China left benchmark lending rates unchanged at a monthly fixing on Monday, matching expectations, as a weaker yuan continued to limit further monetary easing and policymakers waited to see the effects of previous stimulus on credit demand.
Recent data shows the recovery in the world’s second-largest economy remains patchy with industrial output and retail sales surprising on the upside but deflation gathering pace and few signs the struggling property market will bounce back any time soon.
While the economy still needs more policy stimulus, an escalation of monetary easing would add unwanted downside pressure on the Chinese currency.
The one-year loan prime rate (LPR) was kept at 3.45% and the five-year LPR was unchanged at 4.20%.
Most new and outstanding loans in China are based on the one-year LPR, while the five-year rate influences the pricing of mortgages.
In a poll of 26 market watchers conducted last week, all participants predicted no change to either the one-year or five-year LPR.
The steady fixings came after the central bank kept its medium-term interbank liquidity rate unchanged last week.
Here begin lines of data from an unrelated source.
(* Assume that for every packing $\mathcal{F}$ of unit balls in $\mathbb{E}^3$ containing $\mathbf{B}$, with $\mathbf{P}$ the Voronoi cell of $\mathcal{F}$ assigned to $\mathbf{B}$, one has $\frac{\mathrm{vol}_3(\mathbf{B})}{\mathrm{vol}_3(\mathbf{P}\cap\sqrt2\,\mathbf{B})}<0.7547$. Then for every packing $\{\mathbf{c}_1+\mathbf{B},\dots,\mathbf{c}_n+\mathbf{B}\}$ of $n\ge1$ unit balls in $\mathbb{E}^3$ and $\hat r:=1.58731$, $$\frac{n\,\mathrm{vol}_3(\mathbf{B})}{\mathrm{vol}_3\left(\bigcup_{i=1}^n(\mathbf{c}_i+\hat r\mathbf{B})\right)}<0.7547.$$
   Context: $\mathbf{B}$ is the closed unit ball centered at the origin of $\mathbb{E}^3$; a packing means pairwise disjoint interiors. The Voronoi cell assigned to a ball of the packing is the set of points at least as close to its center as to any other center of the packing. *)

theory Defs
  imports "HOL-Analysis.Analysis"
begin

text \<open>A packing of unit balls in E^3, given by its set of centers: the closed unit
balls c + B (c in C) have pairwise disjoint interiors, i.e. distinct centers are
at distance at least 2.\<close>
definition unit_ball_packing :: "(real^3) set \<Rightarrow> bool" where
  "unit_ball_packing C \<longleftrightarrow> (\<forall>c\<in>C. \<forall>d\<in>C. c \<noteq> d \<longrightarrow>
      interior (cball c 1) \<inter> interior (cball d 1) = {})"

definition voronoi_cell :: "(real^3) set \<Rightarrow> real^3 \<Rightarrow> (real^3) set" where
  "voronoi_cell C c = {x. \<forall>d\<in>C. dist x c \<le> dist x d}"

definition vol3 :: "(real^3) set \<Rightarrow> real" where
  "vol3 S = measure lebesgue S"

end

theory Submission
  imports Defs
begin

(* Truncate the Voronoi cell of every ball c + B of the packing C to the
   ball c + rho B, rho >= 1.  Each truncated cell W c contains c + B (two centers are at
   distance >= 2), is a translate of the truncated cell of the translated packing
   C - c at the origin, so the hypothesis yields vol B < delta * vol (W c).  Distinct
   Voronoi cells meet only in a bisector hyperplane, hence the W c are almost disjoint and
   vol (Union W c) is the sum of their volumes; summing over C gives
   n vol B < delta vol (Union W c).  Finally W c lies in c + R B for R >= rho. *)

lemma unit_ball_packing_iff_dist:
  "unit_ball_packing C \<longleftrightarrow> (\<forall>c\<in>C. \<forall>d\<in>C. c \<noteq> d \<longrightarrow> 2 \<le> dist c d)"
proof -
  have "ball c 1 \<inter> ball d 1 = {} \<longleftrightarrow> 2 \<le> dist c d" for c d :: "real^3"
  proof
    assume disj: "ball c 1 \<inter> ball d 1 = {}"
    show "2 \<le> dist c d"
    proof (rule ccontr)
      assume "\<not> 2 \<le> dist c d"
      hence "midpoint c d \<in> ball c 1 \<inter> ball d 1"
        by (simp add: dist_midpoint)
      with disj show False by blast
    qed
  next
    assume "2 \<le> dist c d"
    thus "ball c 1 \<inter> ball d 1 = {}" by (intro disjoint_ballI) simp
  qed
  thus ?thesis unfolding unit_ball_packing_def by simp
qed

lemma unit_ball_packing_translate:
  assumes "unit_ball_packing C"
  shows "unit_ball_packing ((\<lambda>d. d - a) ` C)"
  using assms unfolding unit_ball_packing_iff_dist by (simp add: dist_norm)

lemma voronoi_cell_translate:
  "voronoi_cell C c \<inter> cball c r =
     (+) c ` (voronoi_cell ((\<lambda>d. d - c) ` C) 0 \<inter> cball 0 r)"
proof -
  have dist_shift: "dist (x - c) (d - c) = dist x d" for x d :: "real^3"
    by (simp add: dist_norm)
  have shift: "x \<in> voronoi_cell C c \<inter> cball c r \<longleftrightarrow>
      x - c \<in> voronoi_cell ((\<lambda>d. d - c) ` C) 0 \<inter> cball 0 r" for x
    using dist_shift[of x c] unfolding voronoi_cell_def by (simp add: dist_shift dist_commute)
  have "x \<in> (+) c ` S \<longleftrightarrow> x - c \<in> S" for x S
    by (auto simp: image_iff algebra_simps intro: bexI[of _ "x - c"])
  with shift show ?thesis by blast
qed

text \<open>A truncated Voronoi cell is compact, hence Lebesgue measurable with finite measure.\<close>
lemma truncated_voronoi_cell_lmeasurable:
  "voronoi_cell C c \<inter> cball c r \<in> lmeasurable"
proof -
  have "voronoi_cell C c = (\<Inter>d\<in>C. {x. dist x c \<le> dist x d})"
    unfolding voronoi_cell_def by auto
  moreover have "closed {x. dist x c \<le> dist x d}" for d :: "real^3"
    by (intro closed_Collect_le continuous_intros)
  ultimately have "closed (voronoi_cell C c)" by auto
  thus ?thesis by (intro lmeasurable_compact closed_Int_compact) auto
qed

lemma unit_ball_subset_voronoi_cell:
  assumes "unit_ball_packing C" and "c \<in> C"
  shows "cball c 1 \<subseteq> voronoi_cell C c"
proof
  fix x assume "x \<in> cball c 1"
  hence near: "dist c x \<le> 1" by simp
  have "dist x c \<le> dist x d" if "d \<in> C" for d
  proof (cases "d = c")
    case False
    hence "2 \<le> dist c d"
      using assms that by (simp add: unit_ball_packing_iff_dist)
    moreover have "dist c d \<le> dist c x + dist x d" by (rule dist_triangle)
    ultimately show ?thesis using near dist_commute[of x c] by linarith
  qed simp
  thus "x \<in> voronoi_cell C c" unfolding voronoi_cell_def by simp
qed

lemma vol3_unit_ball_translate: "vol3 (cball c 1) = vol3 (cball (0::real^3) 1)"
  unfolding vol3_def by (metis cball_translation measure_translation add.right_neutral)

lemma vol3_unit_ball_pos: "0 < vol3 (cball (0::real^3) 1)"
  unfolding vol3_def by simp

text \<open>Distinct Voronoi cells overlap only in the bisector hyperplane of their centers.\<close>
lemma voronoi_cells_overlap_negligible:
  assumes "c \<in> C" and "d \<in> C" and "c \<noteq> d"
  shows "negligible (voronoi_cell C c \<inter> voronoi_cell C d)"
proof -
  have "voronoi_cell C c \<inter> voronoi_cell C d \<subseteq> {x. (2 *\<^sub>R (d - c)) \<bullet> x = d \<bullet> d - c \<bullet> c}"
  proof
    fix x assume "x \<in> voronoi_cell C c \<inter> voronoi_cell C d"
    hence "dist x c = dist x d"
      using assms unfolding voronoi_cell_def by (auto intro: antisym)
    hence "norm (x - c)^2 = norm (x - d)^2" by (simp add: dist_norm)
    thus "x \<in> {x. (2 *\<^sub>R (d - c)) \<bullet> x = d \<bullet> d - c \<bullet> c}"
      by (simp add: power2_norm_eq_inner inner_commute algebra_simps)
  qed
  moreover have "negligible {x. (2 *\<^sub>R (d - c)) \<bullet> x = d \<bullet> d - c \<bullet> c}"
    using assms(3) by (intro negligible_hyperplane) simp
  ultimately show ?thesis using negligible_subset by blast
qed

lemma vol3_union_truncated_voronoi_cells:
  assumes "finite C"
  shows "vol3 (\<Union>c\<in>C. voronoi_cell C c \<inter> cball c r) =
           (\<Sum>c\<in>C. vol3 (voronoi_cell C c \<inter> cball c r))"
proof -
  have "negligible ((voronoi_cell C c \<inter> cball c r) \<inter> (voronoi_cell C d \<inter> cball d r))"
    if "c \<in> C" "d \<in> C" "c \<noteq> d" for c d
    using voronoi_cells_overlap_negligible[OF that] by (rule negligible_subset) blast
  hence "pairwise (\<lambda>c d. negligible ((voronoi_cell C c \<inter> cball c r) \<inter>
                                     (voronoi_cell C d \<inter> cball d r))) C"
    unfolding pairwise_def by blast
  with assms show ?thesis unfolding vol3_def
    by (intro measure_negligible_finite_Union_image truncated_voronoi_cell_lmeasurable)
qed

lemma truncated_voronoi_cell_volume_bound:
  assumes hyp: "\<And>F. unit_ball_packing F \<Longrightarrow> 0 \<in> F \<Longrightarrow>
      vol3 (cball 0 1) / vol3 (voronoi_cell F 0 \<inter> cball 0 \<rho>) < \<delta>"
    and "1 \<le> \<rho>" and "unit_ball_packing C" and "c \<in> C"
  shows "vol3 (cball 0 1) < \<delta> * vol3 (voronoi_cell C c \<inter> cball c \<rho>)"
proof -
  define F where "F = (\<lambda>d. d - c) ` C"
  define w where "w = vol3 (voronoi_cell C c \<inter> cball c \<rho>)"
  have "unit_ball_packing F" unfolding F_def using assms(3) by (rule unit_ball_packing_translate)
  moreover have "0 \<in> F" unfolding F_def using assms(4) by (intro image_eqI[where x = c]) simp_all
  ultimately have "vol3 (cball 0 1) / vol3 (voronoi_cell F 0 \<inter> cball 0 \<rho>) < \<delta>" by (rule hyp)
  moreover have "w = vol3 (voronoi_cell F 0 \<inter> cball 0 \<rho>)"
    unfolding w_def vol3_def F_def voronoi_cell_translate[of C c \<rho>] by (rule measure_translation)
  ultimately have ratio: "vol3 (cball 0 1) / w < \<delta>" by simp
  have "cball c 1 \<subseteq> voronoi_cell C c \<inter> cball c \<rho>"
    using unit_ball_subset_voronoi_cell[OF assms(3,4)] subset_cball[OF assms(2)] by (rule Int_greatest)
  hence "vol3 (cball c 1) \<le> w"
    unfolding w_def vol3_def
    by (rule measure_mono_fmeasurable[OF _ _ truncated_voronoi_cell_lmeasurable]) simp
  hence "vol3 (cball 0 1) \<le> w" using vol3_unit_ball_translate[of c] by simp
  hence "0 < w" using vol3_unit_ball_pos by linarith
  with ratio show ?thesis unfolding w_def by (simp add: pos_divide_less_eq)
qed

theorem packing_density_from_voronoi_bound:
  assumes hyp: "\<And>F. unit_ball_packing F \<Longrightarrow> 0 \<in> F \<Longrightarrow>
      vol3 (cball 0 1) / vol3 (voronoi_cell F 0 \<inter> cball 0 \<rho>) < \<delta>"
    and "1 \<le> \<rho>" and "\<rho> \<le> R" and "0 \<le> \<delta>"
    and "finite C" and "C \<noteq> {}" and "unit_ball_packing C"
  shows "real (card C) * vol3 (cball (0::real^3) 1) / vol3 (\<Union>c\<in>C. cball c R) < \<delta>"
proof -
  define W where "W = (\<Union>c\<in>C. voronoi_cell C c \<inter> cball c \<rho>)"
  define U where "U = (\<Union>c\<in>C. cball c R)"
  have "real (card C) * vol3 (cball 0 1) = (\<Sum>c\<in>C. vol3 (cball 0 1))" by simp
  also have "\<dots> < (\<Sum>c\<in>C. \<delta> * vol3 (voronoi_cell C c \<inter> cball c \<rho>))"
    using assms(2,5-7) by (intro sum_strict_mono truncated_voronoi_cell_volume_bound[OF hyp]) auto
  also have "\<dots> = \<delta> * vol3 W"
    unfolding W_def vol3_union_truncated_voronoi_cells[OF assms(5)] by (simp add: sum_distrib_left)
  also have "\<dots> \<le> \<delta> * vol3 U"
  proof -
    have "W \<subseteq> U" unfolding W_def U_def using assms(3) by auto
    moreover have "W \<in> lmeasurable" "U \<in> lmeasurable" unfolding W_def U_def
      using assms(5) truncated_voronoi_cell_lmeasurable by auto
    ultimately show ?thesis unfolding vol3_def
      using assms(4) by (intro mult_left_mono measure_mono_fmeasurable) auto
  qed
  finally have lt: "real (card C) * vol3 (cball 0 1) < \<delta> * vol3 U" .
  moreover have "0 \<le> real (card C) * vol3 (cball 0 1)" using vol3_unit_ball_pos by simp
  with lt have "0 < \<delta> * vol3 U" by linarith
  hence "0 < vol3 U" using assms(4) by (simp add: zero_less_mult_iff)
  ultimately show ?thesis unfolding U_def by (simp add: divide_less_eq mult.commute)
qed

theorem mainTheorem13:
  assumes hyp: "\<And>F :: (real^3) set. unit_ball_packing F \<Longrightarrow> 0 \<in> F \<Longrightarrow>
      vol3 (cball 0 1) / vol3 (voronoi_cell F 0 \<inter> cball 0 (sqrt 2)) < 0.7547"
    and "finite C" and "C \<noteq> {}" and "unit_ball_packing C"
  shows "real (card C) * vol3 (cball (0::real^3) 1) /
           vol3 (\<Union>c\<in>C. cball c 1.58731) < 0.7547"
proof (rule packing_density_from_voronoi_bound[OF hyp _ _ _ assms(2-4)])
  show "1 \<le> sqrt (2::real)" by simp
  show "sqrt 2 \<le> (1.58731::real)"
    by (rule real_le_lsqrt) (simp_all add: power2_eq_square)
  show "0 \<le> (0.7547::real)" by simp
qed

end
The one-year LPR is loosely pegged off the medium-term lending facility (MLF) and market participants typically see changes in the MLF rate as a precursor to adjustments in the LPR.
The PBOC injected 1.45 trillion yuan worth of one-year MLF loans into the banking system last week but kept the rates on those loans unchanged.
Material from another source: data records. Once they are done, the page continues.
lemma expression_vectors_add_nonempty:
  assumes "u \<in> set L" "v \<in> set L"
  shows "expression_vectors L (u + v) \<noteq> {}"
proof -
  obtain a b where "length a = length L" "sum_list a = 1" "power_product a L = u"
    and "length b = length L" "sum_list b = 1" "power_product b L = v"
    using ex_unit_vector_power_product assms by metis
  then have "map2 (+) a b \<in> expression_vectors L (u + v)"
    unfolding expression_vectors_def by (simp add: power_product_map2_plus sum_list_map2_plus)
  then show ?thesis by blast
qed

lemma finite_expression_vectors: "finite (expression_vectors L M)"
proof (rule finite_subset)
  show "expression_vectors L M \<subseteq> {a. set a \<subseteq> {0..2} \<and> length a = length L}"
    unfolding expression_vectors_def using member_le_sum_list by fastforce
  show "finite {a. set a \<subseteq> {0..2::nat} \<and> length a = length L}"
    by (rule finite_lists_length_eq) simp
qed

lemma expression_vectors_map_add_mset_append:
  assumes L: "\<forall>u\<in>set L. x \<notin># u" and T: "\<forall>t\<in>set T. x \<notin># t"
  shows "expression_vectors (map (add_mset x) L @ T) (U + {#x, x#}) =
    (\<lambda>a. a @ replicate (length T) 0) ` expression_vectors L U"
proof (intro equalityI subsetI)
  fix c assume "c \<in> expression_vectors (map (add_mset x) L @ T) (U + {#x, x#})"
  then have len: "length c = length L + length T" and sum: "sum_list c = 2"
    and U: "U + {#x, x#} = power_product c (map (add_mset x) L @ T)"
    unfolding expression_vectors_def by auto
  define a b where "a = take (length L) c" and "b = drop (length L) c"
  have c: "c = a @ b" and a: "length a = length L" and b: "length b = length T"
    using len by (simp_all add: a_def b_def)
  have U': "U + {#x, x#} = replicate_mset (sum_list a) x + power_product a L + power_product b T"
    using U unfolding c by (simp add: a power_product_append power_product_map_add_mset)
  \<comment> \<open>Counting x: the exponents on the first block already sum to 2.\<close>
  have "count U x + 2 = sum_list a"
    using arg_cong[OF U', of "\<lambda>M. count M x"] count_power_product_eq_0[OF L] count_power_product_eq_0[OF T]
    by simp
  moreover have "sum_list a + sum_list b = 2" using sum unfolding c by simp
  ultimately have "sum_list a = 2" "sum_list b = 0" by linarith+
  then have b0: "b = replicate (length T) 0"
    using b replicate_length_same[of b 0] by simp
  then have "U = power_product a L"
    using U' \<open>sum_list a = 2\<close> by (simp add: power_product_replicate_0 numeral_2_eq_2)
  then have "a \<in> expression_vectors L U"
    unfolding expression_vectors_def using a \<open>sum_list a = 2\<close> by simp
  then show "c \<in> (\<lambda>a. a @ replicate (length T) 0) ` expression_vectors L U"
    unfolding c b0 by blast
next
  fix c assume "c \<in> (\<lambda>a. a @ replicate (length T) 0) ` expression_vectors L U"
  then obtain a where c: "c = a @ replicate (length T) 0" and a: "a \<in> expression_vectors L U"
    by blast
  then have "length a = length L" "sum_list a = 2" "U = power_product a L"
    unfolding expression_vectors_def by auto
  then show "c \<in> expression_vectors (map (add_mset x) L @ T) (U + {#x, x#})"
    unfolding expression_vectors_def c
    by (simp add: power_product_append power_product_map_add_mset power_product_replicate_0
        numeral_2_eq_2 add.commute)
qed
The liquidity boost resulted in a net 600 billion yuan of cash injections into the banking system, the biggest monthly increase since December 2016.
“Policymakers may want more time to access the impact of the recent repricing of existing mortgage contracts before they make further changes to the benchmark rate,” Julian Evans-Pritchard, head of China economics at Capital Economics, said in a note released before the LPR fixing.
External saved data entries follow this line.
definition trajs_with_public_history ::
  "('n \<Rightarrow> 'x set) \<Rightarrow> ('n \<Rightarrow> 'a set) \<Rightarrow> nat \<Rightarrow> ('n \<Rightarrow> 'a) list \<Rightarrow> ('n, 'x, 'a) history set" where
  "trajs_with_public_history Xs As t ah = {p \<in> trajs Xs As t. take (t - 1) (snd p) = ah}"

lemma graft_in_trajs_with_public_history:
  assumes "p \<in> trajs_with_public_history Xs As t ah" "q \<in> trajs_with_public_history Xs As t ah"
  shows "graft i p q \<in> trajs_with_public_history Xs As t ah"
  using assms graft_in_trajs[of p Xs As t q i]
  by (auto simp: trajs_with_public_history_def graft_def take_graft_list)

lemma graft_graft_trajs_with_public_history:
  assumes "p \<in> trajs_with_public_history Xs As t ah" "q \<in> trajs_with_public_history Xs As t ah"
  shows "graft i (graft i p q) (graft i q p) = p"
  using assms by (intro graft_graft) (auto simp: trajs_with_public_history_def trajs_def)

lemma traj_weight_graft:
  assumes agree: "\<And>j. j \<noteq> i \<Longrightarrow> g1 j = g2 j"
    and p: "p \<in> trajs_with_public_history Xs As t ah" and q: "q \<in> trajs_with_public_history Xs As t ah"
  shows "traj_weight Q1 Q g1 (fst (graft i p q)) (snd (graft i p q)) *
           traj_weight Q1 Q g2 (fst (graft i q p)) (snd (graft i q p))
         = traj_weight Q1 Q g1 (fst p) (snd p) * traj_weight Q1 Q g2 (fst q) (snd q)"
proof -
  have "length (fst p) = t" "length (fst q) = t" "length (snd p) = t" "length (snd q) = t"
       "take (t - 1) (snd p) = take (t - 1) (snd q)"
    using p q by (auto simp: trajs_with_public_history_def trajs_def)
  from traj_weight_graft_list[OF agree this] show ?thesis
    by (simp add: graft_def)
qed

lemma game_prob_eq_sum_trajs_with_public_history:
  assumes "\<And>p. E p \<Longrightarrow> take (t - 1) (snd p) = ah"
  shows "game_prob Xs As t Q1 Q g E
       = (\<Sum>p\<in>{p \<in> trajs_with_public_history Xs As t ah. E p}. traj_weight Q1 Q g (fst p) (snd p))"
proof -
  have "{h \<in> trajs Xs As t. E h} = {p \<in> trajs_with_public_history Xs As t ah. E p}"
    using assms by (auto simp: trajs_with_public_history_def)
  then show ?thesis
    unfolding game_prob_def by simp
qed

lemma game_prob_exchange:
  fixes i :: "'n::finite" and Xs :: "'n \<Rightarrow> 'x set" and As :: "'n \<Rightarrow> 'a set"
  assumes agree: "\<And>j. j \<noteq> i \<Longrightarrow> g1 j = g2 j"
    and A_own: "\<And>p q. p \<in> trajs Xs As t \<Longrightarrow> q \<in> trajs Xs As t \<Longrightarrow>
                  take (t - 1) (snd p) = take (t - 1) (snd q) \<Longrightarrow> A (graft i p q) = A p"
    and B_others: "\<And>p q. p \<in> trajs Xs As t \<Longrightarrow> q \<in> trajs Xs As t \<Longrightarrow>
                     take (t - 1) (snd p) = take (t - 1) (snd q) \<Longrightarrow> B (graft i q p) = B p"
    and A_public: "\<And>p. A p \<Longrightarrow> take (t - 1) (snd p) = ah"
    and B_public: "\<And>p. B p \<Longrightarrow> take (t - 1) (snd p) = ah"
  shows "game_prob Xs As t Q1 Q g1 A * game_prob Xs As t Q1 Q g2 B
       = game_prob Xs As t Q1 Q g1 (\<lambda>p. A p \<and> B p) *
         game_prob Xs As t Q1 Q g2 (\<lambda>(xs, as). take (t - 1) as = ah)"
proof -
  define H where "H = trajs_with_public_history Xs As t ah"
  define \<sigma> where "\<sigma> z = (graft i (fst z) (snd z), graft i (snd z) (fst z))"
    for z :: "('n, 'x, 'a) history \<times> ('n, 'x, 'a) history"
  define w where "w z = traj_weight Q1 Q g1 (fst (fst z)) (snd (fst z)) *
                         traj_weight Q1 Q g2 (fst (snd z)) (snd (snd z))"
    for z :: "('n, 'x, 'a) history \<times> ('n, 'x, 'a) history"
  have graft_event: "A (graft i p q) = A p" "B (graft i q p) = B p" if "p \<in> H" "q \<in> H" for p q
    using that A_own B_others by (auto simp: H_def trajs_with_public_history_def)
  have involution: "\<sigma> (\<sigma> z) = z" and weight: "w (\<sigma> z) = w z" if zH: "z \<in> H \<times> H" for z
  proof -
    obtain p q where z: "z = (p, q)" and p: "p \<in> trajs_with_public_history Xs As t ah"
      and q: "q \<in> trajs_with_public_history Xs As t ah"
      using zH by (auto simp: H_def)
    show "\<sigma> (\<sigma> z) = z"
      using graft_graft_trajs_with_public_history[OF p q] graft_graft_trajs_with_public_history[OF q p]
      by (simp add: z \<sigma>_def)
    show "w (\<sigma> z) = w z"
      using traj_weight_graft[OF agree p q] by (simp add: z \<sigma>_def w_def)
  qed
  have "game_prob Xs As t Q1 Q g1 A * game_prob Xs As t Q1 Q g2 B = sum w ({p \<in> H. A p} \<times> {q \<in> H. B q})"
    using A_public B_public
    by (simp add: H_def game_prob_eq_sum_trajs_with_public_history sum_product sum.cartesian_product w_def
                  case_prod_beta)
  also have "\<dots> = sum w ({p \<in> H. A p \<and> B p} \<times> H)"
  proof (rule sum.reindex_bij_witness[where i = \<sigma> and j = \<sigma>])
    show "\<sigma> (\<sigma> z) = z" if "z \<in> {p \<in> H. A p \<and> B p} \<times> H" for z
      using that involution by auto
    show "\<sigma> (\<sigma> z) = z" "w (\<sigma> z) = w z" if "z \<in> {p \<in> H. A p} \<times> {q \<in> H. B q}" for z
      using that involution weight by auto
    show "\<sigma> z \<in> {p \<in> H. A p} \<times> {q \<in> H. B q}" if z: "z \<in> {p \<in> H. A p \<and> B p} \<times> H" for z
    proof -
      obtain p q where "z = (p, q)" "p \<in> H" "q \<in> H" "A p" "B p" using z by auto
      then show ?thesis
        using graft_event[of p q] by (simp add: \<sigma>_def H_def graft_in_trajs_with_public_history)
    qed
    show "\<sigma> z \<in> {p \<in> H. A p \<and> B p} \<times> H" if z: "z \<in> {p \<in> H. A p} \<times> {q \<in> H. B q}" for z
    proof -
      obtain p q where "z = (p, q)" "p \<in> H" "q \<in> H" "A p" "B q" using z by auto
      then show ?thesis
        using graft_event[of p q] graft_event[of q p]
        by (simp add: \<sigma>_def H_def graft_in_trajs_with_public_history)
    qed
  qed
  also have "\<dots> = game_prob Xs As t Q1 Q g1 (\<lambda>p. A p \<and> B p) *
                  game_prob Xs As t Q1 Q g2 (\<lambda>(xs, as). take (t - 1) as = ah)"
  proof -
    have "game_prob Xs As t Q1 Q g1 (\<lambda>p. A p \<and> B p)
            = (\<Sum>p\<in>{p \<in> H. A p \<and> B p}. traj_weight Q1 Q g1 (fst p) (snd p))"
      unfolding H_def by (rule game_prob_eq_sum_trajs_with_public_history) (use A_public in blast)
    moreover have "game_prob Xs As t Q1 Q g2 (\<lambda>(xs, as). take (t - 1) as = ah)
                     = (\<Sum>q\<in>H. traj_weight Q1 Q g2 (fst q) (snd q))"
      by (simp add: game_prob_def H_def trajs_with_public_history_def case_prod_beta)
    ultimately show ?thesis
      by (simp add: sum_product sum.cartesian_product w_def case_prod_beta)
  qed
  finally show ?thesis .
qed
“The big picture though is that, with economic momentum weak and downward pressure on the renminbi reversing, we think rate reductions will come before long,” he said, expecting China to lower the lending benchmark by 20 basis points at the end of the first quarter next year.
China’s yuan has clawed back some of its year-to-date losses after losing more than 6% against the dollar at one point in September.
China remains an outlier among global central banks, having loosened monetary policy to shore up a faltering recovery but further rate cuts would widen the yield gap with the United States, risking yuan depreciation and capital outflows.
The LPR, which banks normally charge their best clients, is set by 18 designated commercial banks who submit proposed rates to the central bank every month.